=== Exercise ===
How many lines of the data contain the string "auto"? Write the number and nothing more.

Start of Task inputs

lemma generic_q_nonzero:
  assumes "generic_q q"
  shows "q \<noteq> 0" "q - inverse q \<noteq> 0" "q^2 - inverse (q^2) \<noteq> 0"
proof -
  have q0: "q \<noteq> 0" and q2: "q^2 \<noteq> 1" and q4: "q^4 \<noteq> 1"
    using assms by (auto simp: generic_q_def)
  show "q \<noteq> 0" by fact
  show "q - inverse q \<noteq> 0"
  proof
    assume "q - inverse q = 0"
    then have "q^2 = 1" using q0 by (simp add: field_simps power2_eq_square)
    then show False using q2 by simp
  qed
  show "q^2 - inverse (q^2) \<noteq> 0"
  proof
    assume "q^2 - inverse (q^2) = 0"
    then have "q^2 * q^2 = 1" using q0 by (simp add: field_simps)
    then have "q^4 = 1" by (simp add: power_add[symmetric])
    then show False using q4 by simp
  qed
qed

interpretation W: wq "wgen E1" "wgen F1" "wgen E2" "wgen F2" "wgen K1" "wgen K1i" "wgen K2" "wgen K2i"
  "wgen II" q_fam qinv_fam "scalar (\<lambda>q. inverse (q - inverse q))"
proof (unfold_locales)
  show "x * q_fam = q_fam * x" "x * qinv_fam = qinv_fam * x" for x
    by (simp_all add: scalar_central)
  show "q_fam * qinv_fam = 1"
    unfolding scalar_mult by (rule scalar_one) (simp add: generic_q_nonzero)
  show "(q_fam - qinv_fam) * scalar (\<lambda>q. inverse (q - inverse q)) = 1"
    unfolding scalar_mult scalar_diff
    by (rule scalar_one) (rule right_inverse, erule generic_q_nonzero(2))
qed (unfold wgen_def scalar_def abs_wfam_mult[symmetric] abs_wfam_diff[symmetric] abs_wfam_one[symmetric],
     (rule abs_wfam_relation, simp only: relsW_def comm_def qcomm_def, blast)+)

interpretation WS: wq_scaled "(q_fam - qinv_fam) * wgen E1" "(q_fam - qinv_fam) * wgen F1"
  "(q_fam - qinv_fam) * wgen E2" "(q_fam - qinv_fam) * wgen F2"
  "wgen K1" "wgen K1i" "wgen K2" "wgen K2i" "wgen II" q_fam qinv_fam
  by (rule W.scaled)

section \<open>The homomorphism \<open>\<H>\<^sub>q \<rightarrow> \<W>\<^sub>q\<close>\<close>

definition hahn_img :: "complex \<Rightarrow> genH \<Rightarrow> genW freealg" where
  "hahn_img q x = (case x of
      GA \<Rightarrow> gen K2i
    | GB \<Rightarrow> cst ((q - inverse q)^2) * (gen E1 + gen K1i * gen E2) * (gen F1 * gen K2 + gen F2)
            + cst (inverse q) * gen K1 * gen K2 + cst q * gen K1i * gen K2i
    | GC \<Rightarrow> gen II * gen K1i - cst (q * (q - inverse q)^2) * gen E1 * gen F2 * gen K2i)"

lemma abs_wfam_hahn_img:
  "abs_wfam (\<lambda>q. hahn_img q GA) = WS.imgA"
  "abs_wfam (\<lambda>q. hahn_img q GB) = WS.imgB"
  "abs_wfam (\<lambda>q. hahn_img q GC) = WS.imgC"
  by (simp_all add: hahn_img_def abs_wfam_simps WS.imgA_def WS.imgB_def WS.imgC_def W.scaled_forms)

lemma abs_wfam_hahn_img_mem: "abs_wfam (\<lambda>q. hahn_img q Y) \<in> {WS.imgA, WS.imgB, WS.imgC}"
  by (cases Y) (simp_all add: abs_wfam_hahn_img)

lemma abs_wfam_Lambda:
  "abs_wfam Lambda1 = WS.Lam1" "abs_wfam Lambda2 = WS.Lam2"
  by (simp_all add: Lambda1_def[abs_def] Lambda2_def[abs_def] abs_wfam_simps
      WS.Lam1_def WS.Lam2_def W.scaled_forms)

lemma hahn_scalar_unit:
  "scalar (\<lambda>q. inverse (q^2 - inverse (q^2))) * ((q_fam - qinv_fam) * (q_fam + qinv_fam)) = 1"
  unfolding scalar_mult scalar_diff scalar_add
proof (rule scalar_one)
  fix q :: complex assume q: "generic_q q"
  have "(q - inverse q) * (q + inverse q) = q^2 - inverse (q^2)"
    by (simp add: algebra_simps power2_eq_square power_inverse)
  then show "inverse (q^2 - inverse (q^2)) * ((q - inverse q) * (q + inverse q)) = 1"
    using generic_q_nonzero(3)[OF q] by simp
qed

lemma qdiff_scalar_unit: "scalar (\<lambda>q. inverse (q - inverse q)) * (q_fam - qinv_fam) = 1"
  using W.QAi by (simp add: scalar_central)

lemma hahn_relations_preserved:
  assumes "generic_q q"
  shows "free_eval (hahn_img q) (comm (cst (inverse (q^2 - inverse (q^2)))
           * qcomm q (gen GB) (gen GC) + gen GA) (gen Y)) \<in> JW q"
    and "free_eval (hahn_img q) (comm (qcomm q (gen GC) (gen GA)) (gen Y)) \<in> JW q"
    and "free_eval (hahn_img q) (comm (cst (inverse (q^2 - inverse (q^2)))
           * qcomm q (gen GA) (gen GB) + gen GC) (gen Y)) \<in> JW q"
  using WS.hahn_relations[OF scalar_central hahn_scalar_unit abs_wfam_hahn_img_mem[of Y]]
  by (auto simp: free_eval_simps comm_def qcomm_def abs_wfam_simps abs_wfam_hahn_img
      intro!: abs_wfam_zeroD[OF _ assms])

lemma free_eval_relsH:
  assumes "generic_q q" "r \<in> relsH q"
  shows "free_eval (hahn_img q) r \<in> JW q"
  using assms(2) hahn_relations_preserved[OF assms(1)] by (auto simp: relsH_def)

End of Task inputs

=== Written response ===
3